Brief – For the listing below, print exactly the lines from the line with "set \<Rightarrow> real set" to the line with "with an entry", both included, and nothing beyond them.

** Opening Provided entries block **

(* Let $\lambda$ be a composition of $n\ge2$. Then $d(U_\lambda,\tilde U_\lambda)\le\frac1n$, where $d$ is the metric of $\mathcal{U}^{(2)}$.
   Context: A composition $\lambda=(\lambda_1,\dots,\lambda_r)$ of $n$ has descent set $D_\lambda=\{\lambda_1,\lambda_1+\lambda_2,\dots,\lambda_1+\dots+\lambda_{r-1}\}$. $\mathcal{U}^{(2)}$ is the set of pairs $(U_\uparrow,U_\downarrow)$ of disjoint open subsets of $]0,1[$ with metric $d((U_\uparrow,U_\downarrow),(V_\uparrow,V_\downarrow))=\max(d_{Haus}(U_\uparrow^c,V_\uparrow^c),d_{Haus}(U_\downarrow^c,V_\downarrow^c))$, complements in $[0,1]$. With $I_s=[\frac{s-1}{n-1},\frac{s}{n-1}]$, $U_\lambda=(\mathrm{int}\bigcup_{s\notin D_\lambda}I_s,\ \mathrm{int}\bigcup_{s\in D_\lambda}I_s)$ ($1\le s\le n-1$). A cell $i\in[1,n]$ is a peak if $i\in D_\lambda\cup\{n\}$ and $i-1\notin D_\lambda$, and a valley if $i\notin D_\lambda$ and $i-1\in D_\lambda\cup\{0\}$; let $1=a_1<\dots<a_{t+1}=n$ be the peaks and valleys. The run paintbox is $\tilde U_\lambda=(\bigcup_{a_i\text{ valley}}]\frac{a_i-1}{n},\frac{a_{i+1}-1}{n}[,\ \bigcup_{a_i\text{ peak}}]\frac{a_i-1}{n},\frac{a_{i+1}-1}{n}[)$, with $a_{i+1}=n+1$ when $a_i=n$. *)

theory Defs
  imports "HOL-Analysis.Analysis"
begin

definition is_composition :: "nat \<Rightarrow> nat list \<Rightarrow> bool" where
  "is_composition n lam \<longleftrightarrow> (\<forall>x\<in>set lam. 0 < x) \<and> sum_list lam = n"

definition descent_set :: "nat list \<Rightarrow> nat set" where
  "descent_set lam = {sum_list (take k lam) | k. 1 \<le> k \<and> k \<le> length lam - 1}"

definition haus_dist :: "real set \<Rightarrow> real set \<Rightarrow> real" where
  "haus_dist A B = max (SUP a\<in>A. infdist a B) (SUP b\<in>B. infdist b A)"
(* A violation x_j > x_k = v > 0 (j < k) yields the patterns.  Let r be the first position
   with an entry above v.  If v occurs before r, then (0, that position, r, k) is a 0121;
   otherwise everything before r is below v and we find an ascent (giving 0132) and a
   descent (giving 1032) before r. *)
lemma contains_if_not_weak_record_seq:
  assumes "ascent_seq xs" "\<not> weak_record_seq xs"
  shows "contains xs [0, 1, 2, 1] \<or> (contains xs [0, 1, 3, 2] \<and> contains xs [1, 0, 3, 2])"
proof -
  obtain j k where jk: "j < k" "k < length xs" "0 < xs ! k" "xs ! k < xs ! j"
    using assms(2) unfolding weak_record_seq_def sorted_wrt_iff_nth_less by auto
  define v where "v = xs ! k"
  define r where "r = (LEAST i. v < xs ! i)"
  have r: "v < xs ! r" "r \<le> j"
    using jk unfolding r_def v_def by (auto intro: LeastI Least_le)
  have before_r: "xs ! i \<le> v" if "i < r" for i
    using not_less_Least[of i "\<lambda>i. v < xs ! i"] that unfolding r_def by simp
  have x0: "xs ! 0 = 0" using jk by (intro ascent_seq_0[OF assms(1)]) auto
  have "0 < r" using r x0 by (cases r) auto
  have "r < k" "k < length xs" "0 < v" using r jk v_def by auto
  show ?thesis
  proof (cases "\<exists>i<r. xs ! i = v")
    case True
    then obtain i where i: "i < r" "xs ! i = v" by blast
    with x0 \<open>0 < v\<close> have "0 < i" by (cases i) auto
    with i r x0 \<open>r < k\<close> \<open>k < length xs\<close> \<open>0 < v\<close> have "contains xs [0, 1, 2, 1]"
      by (intro contains_at_4[of 0 i r k], unfold order_iso_0121) (auto simp: v_def)
    then show ?thesis ..
  next
    case False
    with before_r have below: "\<forall>i<r. xs ! i < v" by (auto simp: le_less)
    obtain p where p: "Suc p < r" "xs ! p < xs ! Suc p"
      using ascent_before_large_entry[OF assms(1) \<open>0 < r\<close>] r \<open>r < k\<close> \<open>k < length xs\<close> \<open>0 < v\<close>
      by fastforce
    obtain p' q where pq: "p' < q" "q < r" "xs ! q < xs ! p'"
      using descent_before_new_value[OF assms(1) \<open>0 < r\<close> _ below r(1)] \<open>r < k\<close> \<open>k < length xs\<close>
      by auto
    have "contains xs [0, 1, 3, 2]"
      using p below r \<open>r < k\<close> \<open>k < length xs\<close>
      by (intro contains_at_4[of p "Suc p" r k], unfold order_iso_0132) (auto simp: v_def)
    moreover have "contains xs [1, 0, 3, 2]"
      using pq below r \<open>r < k\<close> \<open>k < length xs\<close>
      by (intro contains_at_4[of p' q r k], unfold order_iso_1032) (auto simp: v_def)
    ultimately show ?thesis by blast
  qed
qed
lemma borel_measurable_kernel_integrand:
  fixes K :: "real \<Rightarrow> 'a::euclidean_space \<Rightarrow> 'b::real_normed_vector" and M :: "('a \<times> real) measure"
  assumes K: "(\<lambda>p. K (snd p) (fst p)) \<in> borel_measurable borel"
    and E: "E \<in> sets borel" and M: "sets M = sets borel"
  shows "(\<lambda>(p, x). indicator E (x, snd p) * ennreal (norm (K (snd p) (x - fst p))))
    \<in> borel_measurable (M \<Otimes>\<^sub>M lborel)"
proof -
  define K' where "K' = (\<lambda>p. K (snd p) (fst p))"
  have sets_eq: "sets (M \<Otimes>\<^sub>M lborel) = sets (((borel::'a measure) \<Otimes>\<^sub>M (borel::real measure)) \<Otimes>\<^sub>M (borel::'a measure))"
    by (rule sets_pair_measure_cong) (simp_all add: M, metis borel_prod)
  have [measurable]: "K' \<in> borel_measurable ((borel::'a measure) \<Otimes>\<^sub>M (borel::real measure))"
    using K unfolding K'_def by (simp add: borel_prod)
  have [measurable]: "E \<in> sets ((borel::'a measure) \<Otimes>\<^sub>M (borel::real measure))"
    using E by (metis borel_prod)
  have "(\<lambda>q. indicator E (snd q, snd (fst q)) * ennreal (norm (K' (snd q - fst (fst q), snd (fst q)))))
     \<in> borel_measurable (((borel::'a measure) \<Otimes>\<^sub>M (borel::real measure)) \<Otimes>\<^sub>M (borel::'a measure))"
    by measurable
  thus ?thesis
    unfolding measurable_cong_sets[OF sets_eq refl] by (simp add: K'_def case_prod_beta')
qed

lemma borel_measurable_kernel_integrand_slice:
  fixes K :: "real \<Rightarrow> 'a::euclidean_space \<Rightarrow> 'b::real_normed_vector" and M :: "('a \<times> real) measure"
  assumes K: "(\<lambda>p. K (snd p) (fst p)) \<in> borel_measurable borel"
    and E: "E \<in> sets borel" and M: "sets M = sets borel"
  shows "(\<lambda>x. indicator E (x, snd p) * ennreal (norm (K (snd p) (x - fst p)))) \<in> borel_measurable lborel"
  using measurable_compose_Pair1[of p M, OF _ borel_measurable_kernel_integrand[OF K E M]] M
  by (simp add: sets_eq_imp_space_eq)

lemma sets_tilde_measure: "sets (tilde_measure K M) = sets borel"
  unfolding tilde_measure_def using sets.sigma_sets_eq[of borel] by (simp add: sets_measure_of_conv)

lemma emeasure_tilde_measure:
  fixes K :: "real \<Rightarrow> 'a::euclidean_space \<Rightarrow> 'b::real_normed_vector" and M :: "('a \<times> real) measure"
  assumes K: "(\<lambda>p. K (snd p) (fst p)) \<in> borel_measurable borel"
    and E: "E \<in> sets borel" and M: "sets M = sets borel"
  shows "emeasure (tilde_measure K M) E =
    (\<integral>\<^sup>+ p. (\<integral>\<^sup>+ x. indicator E (x, snd p) * ennreal (norm (K (snd p) (x - fst p))) \<partial>lborel) \<partial>M)"
proof -
  define f where "f E = (\<integral>\<^sup>+ p. (\<integral>\<^sup>+ x. indicator E (x, snd p) * ennreal (norm (K (snd p) (x - fst p))) \<partial>lborel) \<partial>M)" for E
  have outer: "(\<lambda>p. \<integral>\<^sup>+ x. indicator E (x, snd p) * ennreal (norm (K (snd p) (x - fst p))) \<partial>lborel) \<in> borel_measurable M"
    if "E \<in> sets borel" for E
    using lborel.borel_measurable_nn_integral_fst[OF borel_measurable_kernel_integrand[OF K that M]] by simp
  have "countably_additive (sets borel) f"
    unfolding countably_additive_def
  proof (intro allI impI)
    fix A :: "nat \<Rightarrow> ('a \<times> real) set"
    assume A: "range A \<subseteq> sets borel" "disjoint_family A" "\<Union> (range A) \<in> sets borel"
    have "(\<Sum>i. f (A i)) = (\<integral>\<^sup>+ p. (\<Sum>i. \<integral>\<^sup>+ x. indicator (A i) (x, snd p) * ennreal (norm (K (snd p) (x - fst p))) \<partial>lborel) \<partial>M)"
      unfolding f_def using A by (intro nn_integral_suminf[symmetric] outer) auto
    also have "\<dots> = (\<integral>\<^sup>+ p. (\<integral>\<^sup>+ x. (\<Sum>i. indicator (A i) (x, snd p) * ennreal (norm (K (snd p) (x - fst p)))) \<partial>lborel) \<partial>M)"
      using A by (intro nn_integral_cong nn_integral_suminf[symmetric] borel_measurable_kernel_integrand_slice[OF K _ M]) auto
    also have "\<dots> = f (\<Union> (range A))"
      unfolding f_def ennreal_suminf_multc suminf_indicator[OF A(2)] by simp
    finally show "(\<Sum>i. f (A i)) = f (\<Union> (range A))" .
  qed
  moreover have "sigma_algebra UNIV (sets borel)"
    using sets.sigma_algebra_axioms[of borel] by simp
  moreover have "positive (sets borel) f"
    unfolding positive_def f_def by simp
  ultimately show ?thesis
    unfolding tilde_measure_def f_def[symmetric] using E by (intro emeasure_measure_of_sigma)
qed

lemma emeasure_tilde_measure_outside_upper_half_space:
  fixes K :: "real \<Rightarrow> 'a::euclidean_space \<Rightarrow> 'b::real_normed_vector" and M :: "('a \<times> real) measure"
  assumes K: "(\<lambda>p. K (snd p) (fst p)) \<in> borel_measurable borel"
    and M: "sets M = sets borel" and null: "emeasure M (- upper_half_space) = 0"
  shows "emeasure (tilde_measure K M) (- upper_half_space) = 0"
proof -
  have "open (upper_half_space :: ('a \<times> real) set)"
    unfolding upper_half_space_def by (intro open_Collect_less continuous_intros)
  hence sets: "- upper_half_space \<in> sets (borel :: ('a \<times> real) measure)"
    by (intro borel_closed) (simp add: closed_Compl)
  have "AE p in M. (\<integral>\<^sup>+ x. indicator (- upper_half_space) (x, snd p) * ennreal (norm (K (snd p) (x - fst p))) \<partial>lborel) = 0"
    using null sets M
    by (intro AE_I'[of "- upper_half_space"]) (auto simp: null_sets_def upper_half_space_def indicator_def)
  hence "(\<integral>\<^sup>+ p. (\<integral>\<^sup>+ x. indicator (- upper_half_space) (x, snd p) * ennreal (norm (K (snd p) (x - fst p))) \<partial>lborel) \<partial>M) = 0"
    by (subst nn_integral_cong_AE) auto
  thus ?thesis
    by (simp add: emeasure_tilde_measure[OF K sets M])
qed
lemma prod_R_form_weight:
  assumes n: "4 \<le> n" and j: "j \<in> Omega n"
  shows "(\<Prod>k\<in>{1..n}. R_form rho (weight j k))
       = 2 ^ n * (1 + rho) ^ (n - (j 1 + j 3) - effect_order n j) * (1 - rho) ^ effect_order n j"
proof -
  have binary: "j k \<in> {0, 1}" if "k \<in> {1..n}" for k
    using j that by (auto simp: Omega_def)
  define p1 p3 m where "p1 = pair_order (j 1) (j 2)" and "p3 = pair_order (j 3) (j 4)"
    and "m = ones j {5..n}"
  have "m \<le> card {5..n}"
    unfolding m_def ones_def by (rule card_mono) auto
  moreover have "j 1 + p1 \<le> 2" "j 3 + p3 \<le> 2"
    using binary[of 1] binary[of 2] binary[of 3] binary[of 4] n
    by (auto simp: p1_def p3_def pair_order_def)
  ultimately have exponents: "4 + (n - 4) = n"
      "(2 - j 1 - p1) + (2 - j 3 - p3) + (n - 4 - m) = n - (j 1 + j 3) - (p1 + p3 + m)"
    using n by auto
  have order: "effect_order n j = p1 + p3 + m"
    by (simp add: effect_order_def p1_def p3_def m_def)
  have tail: "(\<Prod>k\<in>{5..n}. R_form rho (weight j k))
      = 2 ^ (n - 4) * (1 + rho) ^ (n - 4 - m) * (1 - rho) ^ m"
  proof -
    have "(\<Prod>k\<in>{5..n}. R_form rho (weight j k)) = (\<Prod>k\<in>{5..n}. R_form rho (\<lambda>a. (-1) ^ (j k * a)))"
      by (intro prod.cong refl) (auto simp: weight_def)
    also have "\<dots> = 2 ^ (n - 4) * (1 + rho) ^ (n - 4 - m) * (1 - rho) ^ m"
      unfolding m_def using binary by (subst prod_R_form_sign) auto
    finally show ?thesis .
  qed
  have "(\<Prod>k\<in>{1..n}. R_form rho (weight j k))
      = (R_form rho (cond_weight (j 1)) * R_form rho (conditioned_weight (j 1) (j 2)))
      * (R_form rho (cond_weight (j 3)) * R_form rho (conditioned_weight (j 3) (j 4)))
      * (\<Prod>k\<in>{5..n}. R_form rho (weight j k))"
    unfolding atLeastAtMost_1_split[OF n] by (simp add: weight_def mult_ac)
  also have "\<dots> = (4 * (1 + rho) ^ (2 - j 1 - p1) * (1 - rho) ^ p1)
      * (4 * (1 + rho) ^ (2 - j 3 - p3) * (1 - rho) ^ p3)
      * (2 ^ (n - 4) * (1 + rho) ^ (n - 4 - m) * (1 - rho) ^ m)"
    unfolding tail p1_def p3_def using binary n by (simp add: R_form_pair)
  also have "\<dots> = 2 ^ (4 + (n - 4)) * (1 + rho) ^ ((2 - j 1 - p1) + (2 - j 3 - p3) + (n - 4 - m))
      * (1 - rho) ^ (p1 + p3 + m)"
    by (simp add: power_add mult_ac)
  finally show ?thesis
    unfolding exponents order .
qed

lemma Omega_sl_order:
  assumes "4 \<le> n" "j \<in> Omega_sl n s l"
  shows "j \<in> Omega n" "j 1 + j 3 = s" "effect_order n j = l"
proof -
  have j: "j \<in> Omega n"
    using assms(2) by (auto simp: Omega_sl_def split: if_splits)
  then have binary: "j k \<in> {0, 1}" if "k \<in> {1..n}" for k
    using that by (auto simp: Omega_def)
  have ones_sum: "ones j K = (\<Sum>k\<in>K. j k)" if K: "K \<subseteq> {1..n}" for K
  proof (rule ones_eq_sum)
    show "finite K"
      using K by (rule finite_subset) simp
    show "j k \<in> {0, 1}" if "k \<in> K" for k
      using K binary that by blast
  qed
  have "{2, 4} \<union> {5..n} = insert 2 (insert 4 {5..n})" "{2} \<union> {5..n} = insert 2 {5..n}"
      "{4..n} = insert 4 {5..n}"
    using assms(1) by auto
  then have "ones j ({2, 4} \<union> {5..n}) = j 2 + j 4 + ones j {5..n}"
      "ones j ({2} \<union> {5..n}) = j 2 + ones j {5..n}" "ones j {4..n} = j 4 + ones j {5..n}"
    using assms(1) by (simp_all add: ones_sum)
  then show "j \<in> Omega n" "j 1 + j 3 = s" "effect_order n j = l"
    using assms binary[of 1] binary[of 3] j
    by (auto simp: Omega_sl_def effect_order_def pair_order_def split: if_splits)
qed

lemma finite_Omega: "finite (Omega n)"
  by (simp add: Omega_def finite_PiE)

** Closing Provided entries block **

Result –
definition haus_dist :: "real set \<Rightarrow> real set \<Rightarrow> real" where
  "haus_dist A B = max (SUP a\<in>A. infdist a B) (SUP b\<in>B. infdist b A)"
(* A violation x_j > x_k = v > 0 (j < k) yields the patterns.  Let r be the first position
   with an entry above v.  If v occurs before r, then (0, that position, r, k) is a 0121;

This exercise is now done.